佐藤 今回は、分子標的治療薬の副作用対策がテーマです。まずはBevacizumabの主な副作用を加藤先生にご説明いただきたいと思います。
加藤 頻度の高いものとしては高血圧があり、それに随伴して蛋白尿がしばしば起こります。鼻出血は比較的よく起こりますが、大半は圧迫によって止血できます。まれなものとしては、血栓症や消化管穿孔、創傷治癒遅延などがあります。血栓症や消化管穿孔が起こったときには早急な対応が必要です。
佐藤 比較的軽いものから、頻度は低いけれど重篤な副作用もあるということですね。患者さんはいくら頻度が少ないと言われても、そのような重篤な副作用があると説明されると、不安に思う方もいるかもしれませんね。
加藤 ただ、自覚症状のある副作用はほとんどないのがBevacizumabの特徴です。消化管穿孔や血栓症はFOLFOXなどでも発生する可能性があるため、Bevacizumabの併用によって、どのぐらい頻度が高くなるのかは微妙なところです。

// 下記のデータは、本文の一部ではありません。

lemma card_bubble_row:
  assumes "1 \<le> i" "i \<le> bubble_width d"
  shows "card (bubble_row d i) = (if i = 1 then d div 2 else bubble_width d)"
proof -
  have "bubble_row d i = {i} \<times> {1..(if i = 1 then d div 2 else bubble_width d)}"
    using assms by (auto simp: bubble_row_def bubble_verts_def bubble_width_def)
  then show ?thesis by (simp add: card_cartesian_product)
qed

lemma card_bubble_col:
  assumes "1 \<le> j" "j \<le> bubble_width d"
  shows "card (bubble_col d j) = (if j + 2 \<le> bubble_width d then bubble_width d else bubble_width d - 1)"
proof -
  have "bubble_col d j = {(if j + 2 \<le> bubble_width d then 1 else 2)..bubble_width d} \<times> {j}"
    using assms by (auto simp: bubble_col_def bubble_verts_def)
  then show ?thesis by (simp add: card_cartesian_product)
qed

lemma card_bubble_row_ge: "(i, j) \<in> bubble_verts d \<Longrightarrow> d div 2 \<le> card (bubble_row d i)"
  using card_bubble_row[of i d] by (auto simp: bubble_verts_def bubble_width_def)

lemma card_bubble_col_ge:
  "(i, j) \<in> bubble_verts d \<Longrightarrow> bubble_width d - 1 \<le> card (bubble_col d j)"
  using card_bubble_col[of j d] by (auto simp: bubble_verts_def)

lemma card_bubble_nbhd_sym_diff_same_row:
  assumes p: "(i, j) \<in> bubble_verts d" and q: "(i, j') \<in> bubble_verts d" and "j \<noteq> j'"
  shows "2 * (d div 2) < card (nbhd_sym_diff (bubble_verts d) rook_adj (i, j) (i, j')) \<or>
    2 * (d div 2) \<le> card (nbhd_sym_diff (bubble_verts d) rook_adj (i, j) (i, j')) \<and>
    ((i, j) \<in> bubble_boundary d) \<noteq> ((i, j') \<in> bubble_boundary d)"
proof -
  let ?w = "bubble_width d"
  have N: "card (bubble_col d j) - 1 + (card (bubble_col d j') - 1)
      \<le> card (nbhd_sym_diff (bubble_verts d) rook_adj (i, j) (i, j'))"
    using p q \<open>j \<noteq> j'\<close>
    by (intro card_punctured_Un_le[where p = "(i, j)" and q = "(i, j')"]
        finite_nbhd_sym_diff finite_bubble_verts finite_bubble_col)
      (auto simp: mem_nbhd_sym_diff bubble_col_def rook_adj_def)
  have bounds: "1 \<le> j" "j \<le> ?w" "1 \<le> j'" "j' \<le> ?w"
    "\<not> (i = 1 \<and> ?w - 1 \<le> j)" "\<not> (i = 1 \<and> ?w - 1 \<le> j')"
    using p q by (auto simp: bubble_verts_def)
  show ?thesis
  proof (cases "j + 2 \<le> ?w \<or> j' + 2 \<le> ?w")
    case True
    then show ?thesis
      using N bounds card_bubble_col[of j d] card_bubble_col[of j' d]
      by (simp add: bubble_width_def split: if_splits)
  next
    case False
    \<comment> \<open>then p and q are the two rightmost vertices of a row below the top one\<close>
    then have "((i, j) \<in> bubble_boundary d) \<noteq> ((i, j') \<in> bubble_boundary d)"
      using p q bounds \<open>j \<noteq> j'\<close> by (auto simp: bubble_boundary_def)
    then show ?thesis
      using False N bounds card_bubble_col[of j d] card_bubble_col[of j' d]
      by (auto simp: bubble_width_def)
  qed
qed

lemma card_bubble_nbhd_sym_diff_same_col:
  assumes p: "(i, j) \<in> bubble_verts d" and q: "(i', j) \<in> bubble_verts d" and "i \<noteq> i'"
  shows "2 * (d div 2) < card (nbhd_sym_diff (bubble_verts d) rook_adj (i, j) (i', j)) \<or>
    2 * (d div 2) \<le> card (nbhd_sym_diff (bubble_verts d) rook_adj (i, j) (i', j)) \<and>
    ((i, j) \<in> bubble_boundary d) \<noteq> ((i', j) \<in> bubble_boundary d)"
proof -
  let ?w = "bubble_width d"
  have N: "card (bubble_row d i) - 1 + (card (bubble_row d i') - 1)
      \<le> card (nbhd_sym_diff (bubble_verts d) rook_adj (i, j) (i', j))"
    using p q \<open>i \<noteq> i'\<close>
    by (intro card_punctured_Un_le[where p = "(i, j)" and q = "(i', j)"]
        finite_nbhd_sym_diff finite_bubble_verts finite_bubble_row)
      (auto simp: mem_nbhd_sym_diff bubble_row_def rook_adj_def)
  have bounds: "1 \<le> i" "i \<le> ?w" "1 \<le> i'" "i' \<le> ?w"
    "\<not> (i = 1 \<and> ?w - 1 \<le> j)" "\<not> (i' = 1 \<and> ?w - 1 \<le> j)"
    using p q by (auto simp: bubble_verts_def)
  show ?thesis
  proof (cases "i = 1 \<or> i' = 1")
    case True
    \<comment> \<open>the top row stops two columns short of the right border\<close>
    then have "((i, j) \<in> bubble_boundary d) \<noteq> ((i', j) \<in> bubble_boundary d)"
      using p q bounds \<open>i \<noteq> i'\<close> by (auto simp: bubble_boundary_def)
    then show ?thesis
      using True N bounds card_bubble_row[of i d] card_bubble_row[of i' d] \<open>i \<noteq> i'\<close>
      by (auto simp: bubble_width_def)
  next
    case False
    then show ?thesis
      using N bounds card_bubble_row[of i d] card_bubble_row[of i' d]
      by (simp add: bubble_width_def)
  qed
qed

lemma card_bubble_nbhd_sym_diff_diff_row_col:
  assumes p: "(i, j) \<in> bubble_verts d" and q: "(i', j') \<in> bubble_verts d"
    and "i \<noteq> i'" "j \<noteq> j'" and "8 \<le> d"
  shows "2 * (d div 2) < card (nbhd_sym_diff (bubble_verts d) rook_adj (i, j) (i', j'))"
proof -
  let ?w = "bubble_width d"
  define R where "R = bubble_row d i - {(i, j), (i, j')}"
  define R' where "R' = bubble_row d i' - {(i', j), (i', j')}"
  define C where "C = bubble_col d j - {(i, j), (i', j)}"
  define C' where "C' = bubble_col d j' - {(i, j'), (i', j')}"
  have fin: "finite R" "finite R'" "finite C" "finite C'"
    by (simp_all add: R_def R'_def C_def C'_def finite_bubble_row finite_bubble_col)
  have "R \<union> R' \<union> C \<union> C' \<subseteq> nbhd_sym_diff (bubble_verts d) rook_adj (i, j) (i', j')"
    using \<open>i \<noteq> i'\<close> \<open>j \<noteq> j'\<close>
    by (auto simp: R_def R'_def C_def C'_def bubble_row_def bubble_col_def
        mem_nbhd_sym_diff rook_adj_def)
  then have "card (R \<union> R' \<union> C \<union> C')
      \<le> card (nbhd_sym_diff (bubble_verts d) rook_adj (i, j) (i', j'))"
    by (intro card_mono finite_nbhd_sym_diff finite_bubble_verts)
  moreover have "R \<inter> R' = {}" "(R \<union> R') \<inter> C = {}" "(R \<union> R' \<union> C) \<inter> C' = {}"
    using \<open>i \<noteq> i'\<close> \<open>j \<noteq> j'\<close>
    by (auto simp: R_def R'_def C_def C'_def bubble_row_def bubble_col_def)
  then have "card (R \<union> R' \<union> C \<union> C') = card R + card R' + card C + card C'"
    using fin by (simp add: card_Un_disjoint)
  moreover have "d div 2 - 2 \<le> card R"
    using card_Diff_doubleton_ge[of "bubble_row d i" "(i, j)" "(i, j')"] card_bubble_row_ge[OF p]
    unfolding R_def by linarith
  moreover have "d div 2 - 2 \<le> card R'"
    using card_Diff_doubleton_ge[of "bubble_row d i'" "(i', j)" "(i', j')"] card_bubble_row_ge[OF q]
    unfolding R'_def by linarith
  moreover have "bubble_width d - 3 \<le> card C"
    using card_Diff_doubleton_ge[of "bubble_col d j" "(i, j)" "(i', j)"] card_bubble_col_ge[OF p]
    unfolding C_def by linarith
  moreover have "bubble_width d - 3 \<le> card C'"
    using card_Diff_doubleton_ge[of "bubble_col d j'" "(i, j')" "(i', j')"] card_bubble_col_ge[OF q]
    unfolding C'_def by linarith
  ultimately show ?thesis
    using \<open>8 \<le> d\<close> by (simp add: bubble_width_def)
qed

lemma card_bubble_nbhd_sym_diff_lower:
  assumes "p \<in> bubble_verts d" "q \<in> bubble_verts d" "p \<noteq> q" "8 \<le> d"
  shows "2 * (d div 2) < card (nbhd_sym_diff (bubble_verts d) rook_adj p q) \<or>
    2 * (d div 2) \<le> card (nbhd_sym_diff (bubble_verts d) rook_adj p q) \<and>
    (p \<in> bubble_boundary d) \<noteq> (q \<in> bubble_boundary d)"
proof -
  obtain i j i' j' where "p = (i, j)" "q = (i', j')"
    by fastforce
  then show ?thesis
    using assms card_bubble_nbhd_sym_diff_same_row[of i j d j']
      card_bubble_nbhd_sym_diff_same_col[of i j d i'] card_bubble_nbhd_sym_diff_diff_row_col[of i j d i' j']
    by (cases "i = i'"; cases "j = j'") auto
qed

lemma card_image_bubble_nbhd_sym_diff:
  assumes "induced_bubble V E d f"
  shows "card (f ` nbhd_sym_diff (bubble_verts d) rook_adj p q)
    = card (nbhd_sym_diff (bubble_verts d) rook_adj p q)"
proof -
  have "inj_on f (bubble_verts d)"
    using assms by (simp add: induced_bubble_def)
  then have "inj_on f (nbhd_sym_diff (bubble_verts d) rook_adj p q)"
    by (rule inj_on_subset) (auto simp: mem_nbhd_sym_diff)
  then show ?thesis
    by (rule card_image)
qed

lemma card_bubble_nbhd_sym_diff_le_host:
  assumes "induced_bubble V E d f" "f ` bubble_verts d \<subseteq> W" "finite W"
    and "p \<in> bubble_verts d" "q \<in> bubble_verts d"
  shows "card (nbhd_sym_diff (bubble_verts d) rook_adj p q) \<le> card (nbhd_sym_diff W E (f p) (f q))"
proof -
  have "f ` nbhd_sym_diff (bubble_verts d) rook_adj p q \<subseteq> nbhd_sym_diff W E (f p) (f q)"
    using assms by (intro image_nbhd_sym_diff_subset) (auto simp: induced_bubble_def)
  then have "card (f ` nbhd_sym_diff (bubble_verts d) rook_adj p q)
      \<le> card (nbhd_sym_diff W E (f p) (f q))"
    by (intro card_mono finite_nbhd_sym_diff assms(3))
  then show ?thesis
    using assms(1) by (simp add: card_image_bubble_nbhd_sym_diff)
qed

lemma properly_attached_private_nbr:
  assumes "simple_graph V E" "properly_attached V E d f S"
    and "p \<in> bubble_verts d" "p \<in> bubble_boundary d"
    and "q \<in> bubble_verts d" "q \<notin> bubble_boundary d"
  shows "\<exists>x \<in> S. E (f p) x \<and> \<not> E (f q) x"
proof -
  let ?X = "\<lambda>r. {x \<in> V - f ` bubble_verts d. E (f r) x}"
  have "finite V"
    using assms(1) by (simp add: simple_graph_def)
  have count: "if r \<in> bubble_boundary d then 1 \<le> card (?X r) \<and> card (?X r) \<le> 2
      else card (?X r) = 0" if "r \<in> bubble_verts d" for r
    using assms(2) that unfolding properly_attached_def Let_def by blast
  have "1 \<le> card (?X p)" "card (?X q) = 0"
    using count[OF assms(3)] count[OF assms(5)] assms(4,6) by simp_all
  moreover have "finite (?X q)"
    using \<open>finite V\<close> by simp
  ultimately obtain x where x: "x \<in> ?X p" and "?X q = {}"
    by (metis card.empty card_0_eq ex_in_conv not_one_le_zero)
  then have "\<not> E (f q) x"
    by blast
  moreover have "E x (f p)"
    using x assms(1) by (simp add: simple_graph_def)
  then have "x \<in> S"
    using x assms(2,3) by (auto simp: properly_attached_def attach_set_def)
  ultimately show ?thesis
    using x by auto
qed

lemma finite_attached_verts:
  assumes "simple_graph V E" "properly_attached V E d f S"
  shows "finite (f ` bubble_verts d \<union> S)"
proof (rule finite_subset)
  show "f ` bubble_verts d \<union> S \<subseteq> V"
    using assms(2) unfolding properly_attached_def induced_bubble_def attach_set_def by blast
  show "finite V"
    using assms(1) by (simp add: simple_graph_def)
qed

佐藤 続いて、抗EGFR抗体薬の副作用について辻先生にご説明いただきたいと思います。
辻 抗EGFR抗体薬の副作用のなかで、患者さんが最も気にされるのは皮膚症状です。写真をお見せすると、驚かれる方が多いですね。そのほかにも、間質性肺炎やinfusion reactionなどがあります。

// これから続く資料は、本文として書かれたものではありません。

(* Let $t\ge 2$ and let $\mathcal{P}_t$ be the semilattice on $\{0,1,\dots,t\}$ in which $0$ is the greatest element and $1,\dots,t$ are pairwise incomparable (so $i+j=0$ for $i\ne j$ and $i+i=i$). Let $\operatorname{End}^0(\mathcal{P}_t)$ be the set of endomorphisms of $\mathcal{P}_t$ fixing $0$. Then $\operatorname{End}^0(\mathcal{P}_t)$ is a subsemiring of $\operatorname{End}(\mathcal{P}_t)$, this subsemiring is isomorphic to the rook semiring $\mathcal{R}_t$, and every endomorphism in $\operatorname{End}(\mathcal{P}_t)\setminus\operatorname{End}^0(\mathcal{P}_t)$ is a constant map.
   Context: For a semilattice $\mathcal{A}=(A,+)$, $\operatorname{End}(\mathcal{A})$ is the semiring of all maps $\alpha:A\to A$ with $(a+b)\alpha=a\alpha+b\alpha$, under pointwise addition and composition (maps written on the right, $a(\alpha\beta)=(a\alpha)\beta$). A $t\times t$ rook matrix is a $0$-$1$ matrix with at most one entry $1$ in each row and each column. The rook semiring $\mathcal{R}_t$ is the set $R_t$ of all $t\times t$ rook matrices with addition the entrywise (Hadamard) product $a+b=(a_{ij}b_{ij})$ and multiplication the usual matrix product. *)

theory Defs
  imports "HOL-Library.FuncSet"
begin

definition Pt_carrier :: "nat \<Rightarrow> nat set" where
  "Pt_carrier t = {0..t}"

definition Pt_add :: "nat \<Rightarrow> nat \<Rightarrow> nat" where
  "Pt_add i j = (if i = j then i else 0)"

definition End_Pt :: "nat \<Rightarrow> (nat \<Rightarrow> nat) set" where
  "End_Pt t = {\<alpha> \<in> Pt_carrier t \<rightarrow>\<^sub>E Pt_carrier t.
      \<forall>a\<in>Pt_carrier t. \<forall>b\<in>Pt_carrier t. \<alpha> (Pt_add a b) = Pt_add (\<alpha> a) (\<alpha> b)}"

definition End0_Pt :: "nat \<Rightarrow> (nat \<Rightarrow> nat) set" where
  "End0_Pt t = {\<alpha> \<in> End_Pt t. \<alpha> 0 = 0}"

text \<open>Pointwise addition and composition with maps written on the right:
  a(\<alpha>\<beta>) = (a\<alpha>)\<beta>.\<close>
definition End_add :: "nat \<Rightarrow> (nat \<Rightarrow> nat) \<Rightarrow> (nat \<Rightarrow> nat) \<Rightarrow> (nat \<Rightarrow> nat)" where
  "End_add t \<alpha> \<beta> = (\<lambda>a\<in>Pt_carrier t. Pt_add (\<alpha> a) (\<beta> a))"

definition End_mult :: "nat \<Rightarrow> (nat \<Rightarrow> nat) \<Rightarrow> (nat \<Rightarrow> nat) \<Rightarrow> (nat \<Rightarrow> nat)" where
  "End_mult t \<alpha> \<beta> = (\<lambda>a\<in>Pt_carrier t. \<beta> (\<alpha> a))"

type_synonym mat = "nat \<Rightarrow> nat \<Rightarrow> nat"

definition rook :: "nat \<Rightarrow> mat set" where
  "rook t = {M. (\<forall>i j. M i j \<in> {0, 1})
      \<and> (\<forall>i j. (i \<notin> {1..t} \<or> j \<notin> {1..t}) \<longrightarrow> M i j = 0)
      \<and> (\<forall>i\<in>{1..t}. card {j\<in>{1..t}. M i j = 1} \<le> 1)
      \<and> (\<forall>j\<in>{1..t}. card {i\<in>{1..t}. M i j = 1} \<le> 1)}"

definition rook_add :: "mat \<Rightarrow> mat \<Rightarrow> mat" where
  "rook_add A B = (\<lambda>i j. A i j * B i j)"

definition rook_mult :: "nat \<Rightarrow> mat \<Rightarrow> mat \<Rightarrow> mat" where
  "rook_mult t A B = (\<lambda>i j. \<Sum>k\<in>{1..t}. A i k * B k j)"

end

theory Submission
  imports Defs
begin

text \<open>An endomorphism of \<open>P\<^sub>t\<close> that fixes the top element \<open>0\<close> is the same as a partial
  injection of \<open>{1..t}\<close>: two distinct atoms can only be identified by sending both to \<open>0\<close>.
  Recording the graph of such a partial injection as a 0-1 matrix gives a rook matrix; pointwise
  sum of maps becomes the Hadamard product (the sum keeps a value only where both maps agree) and
  composition becomes the matrix product. An endomorphism with \<open>\<alpha> 0 \<noteq> 0\<close> is constant, since
  \<open>\<alpha> 0 = \<alpha> (a + 0) = \<alpha> a + \<alpha> 0\<close> forces \<open>\<alpha> a = \<alpha> 0\<close>.\<close>

lemma in_Pt_carrier_iff [simp]: "a \<in> Pt_carrier t \<longleftrightarrow> a \<le> t"
  by (simp add: Pt_carrier_def)

lemma Pt_add_le [simp]: "a \<le> t \<Longrightarrow> b \<le> t \<Longrightarrow> Pt_add a b \<le> t"
  by (simp add: Pt_add_def)

lemma Pt_add_interchange: "Pt_add (Pt_add a b) (Pt_add c d) = Pt_add (Pt_add a c) (Pt_add b d)"
  by (simp add: Pt_add_def)

lemma End_PtI:
  assumes "\<alpha> \<in> Pt_carrier t \<rightarrow>\<^sub>E Pt_carrier t"
    and "\<And>a b. a \<in> Pt_carrier t \<Longrightarrow> b \<in> Pt_carrier t \<Longrightarrow> \<alpha> (Pt_add a b) = Pt_add (\<alpha> a) (\<alpha> b)"
  shows "\<alpha> \<in> End_Pt t"
  using assms by (simp add: End_Pt_def)

lemma End_PtD:
  assumes "\<alpha> \<in> End_Pt t"
  shows "\<alpha> \<in> Pt_carrier t \<rightarrow>\<^sub>E Pt_carrier t"
    and "a \<in> Pt_carrier t \<Longrightarrow> b \<in> Pt_carrier t \<Longrightarrow> \<alpha> (Pt_add a b) = Pt_add (\<alpha> a) (\<alpha> b)"
  using assms by (simp_all add: End_Pt_def)
text \<open>Every factor of L is isomorphic to a quotient of L, which can be realised on a
  carrier of type 'l set; so quantifying over factors with carrier type 'l set
  loses no generality.\<close>
definition max_equicontinuous_factor ::
  "'l topology \<Rightarrow> ('t \<Rightarrow> 'l \<Rightarrow> 'l) \<Rightarrow> 'y topology \<Rightarrow> ('t \<Rightarrow> 'y \<Rightarrow> 'y) \<Rightarrow> ('l \<Rightarrow> 'y) \<Rightarrow> bool" where
  "max_equicontinuous_factor L \<sigma>L Y \<tau> p \<longleftrightarrow>
     equicontinuous_factor L \<sigma>L Y \<tau> p \<and>
     (\<forall>(Z :: 'l set topology) \<rho> q. equicontinuous_factor L \<sigma>L Z \<rho> q \<longrightarrow>
        (\<exists>h. continuous_map Y Z h \<and> (\<forall>f\<in>topspace L. q f = h (p f))))"

end

theory Submission
  imports Defs
begin

text \<open>For f = \<sigma> t, equivariance of \<pi> and the fact that \<tau> t is the rotation by
  \<pi> (\<sigma> t \<circ> e) give \<pi> (f \<circ> h) = \<pi> (f \<circ> e) \<cdot> \<pi> h for every h in L = E e.
  Both sides are continuous in f, so the identity extends to the whole Ellis semigroup E.
  On L, where f \<circ> e = f, it says that \<pi> is a morphism, and f = e gives \<pi> (e \<circ> f) = \<pi> f.
  Hence \<pi> restricts to a surjective homomorphism from the group G = e L, and G / H \<cong> L_eq for
  its kernel H, which is closed because L_eq is Hausdorff.  An idempotent u satisfies
  \<pi> (u \<circ> e) \<cdot> \<pi> (u \<circ> e) = \<pi> (u \<circ> e), so \<pi> (u \<circ> e) is the unit; this closed condition is stable
  under products, so it holds on the closed semigroup generated by the minimal idempotents,
  and therefore \<Gamma> \<subseteq> H.\<close>

lemma mem_ellis_group: "x \<in> ellis_group E e \<longleftrightarrow> (\<exists>g\<in>E. x = e \<circ> g \<circ> e)"
  by (auto simp: ellis_group_def left_ideal_of_def comp_assoc)

lemma left_ideal_of_comp_idempotent:
  assumes "e \<circ> e = e" and "f \<in> left_ideal_of E e"
  shows "f \<circ> e = f"
  using assms by (auto simp: left_ideal_of_def comp_assoc)

lemma ellis_group_comp_idempotent:
  assumes "e \<circ> e = e" and "x \<in> ellis_group E e"
  shows "e \<circ> x = x" and "x \<circ> e = x"
  using assms by (auto simp: mem_ellis_group comp_assoc[symmetric]) (simp_all add: comp_assoc)

context
  fixes E :: "('a \<Rightarrow> 'a) set"
  assumes comp_closed: "\<And>f g. f \<in> E \<Longrightarrow> g \<in> E \<Longrightarrow> f \<circ> g \<in> E"
begin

患者さんには、まず「いろいろな副作用が起こる可能性があります」と説明し、副作用の解説冊子をご自宅で読んでいただきます。次回の来院時に「どれが気になりましたか」とお聞きすると、患者さん個々の答えが返ってきます。例えば、「息ができなくなるのですか?」とおっしゃる方には「滅多に起こりませんよ」と説明し、「こんなに皮膚症状が出るのですか?」とおっしゃる方には、「皮膚症状が出ることも多いようですよ」と説明しています。副作用に対しこういった説明が必要となるのが、抗EGFR抗体薬の特性でもあります。
佐藤 抗EGFR抗体薬は皮膚症状が必ずといっていいほど起こってくるので、それを十分に説明する必要があるということですね。
辻 抗EGFR抗体薬は、副作用を上手く自己管理できずに脱落してしまう方もいらっしゃいますが、逆に上手に自己管理できれば、長く続けられることも多いですね。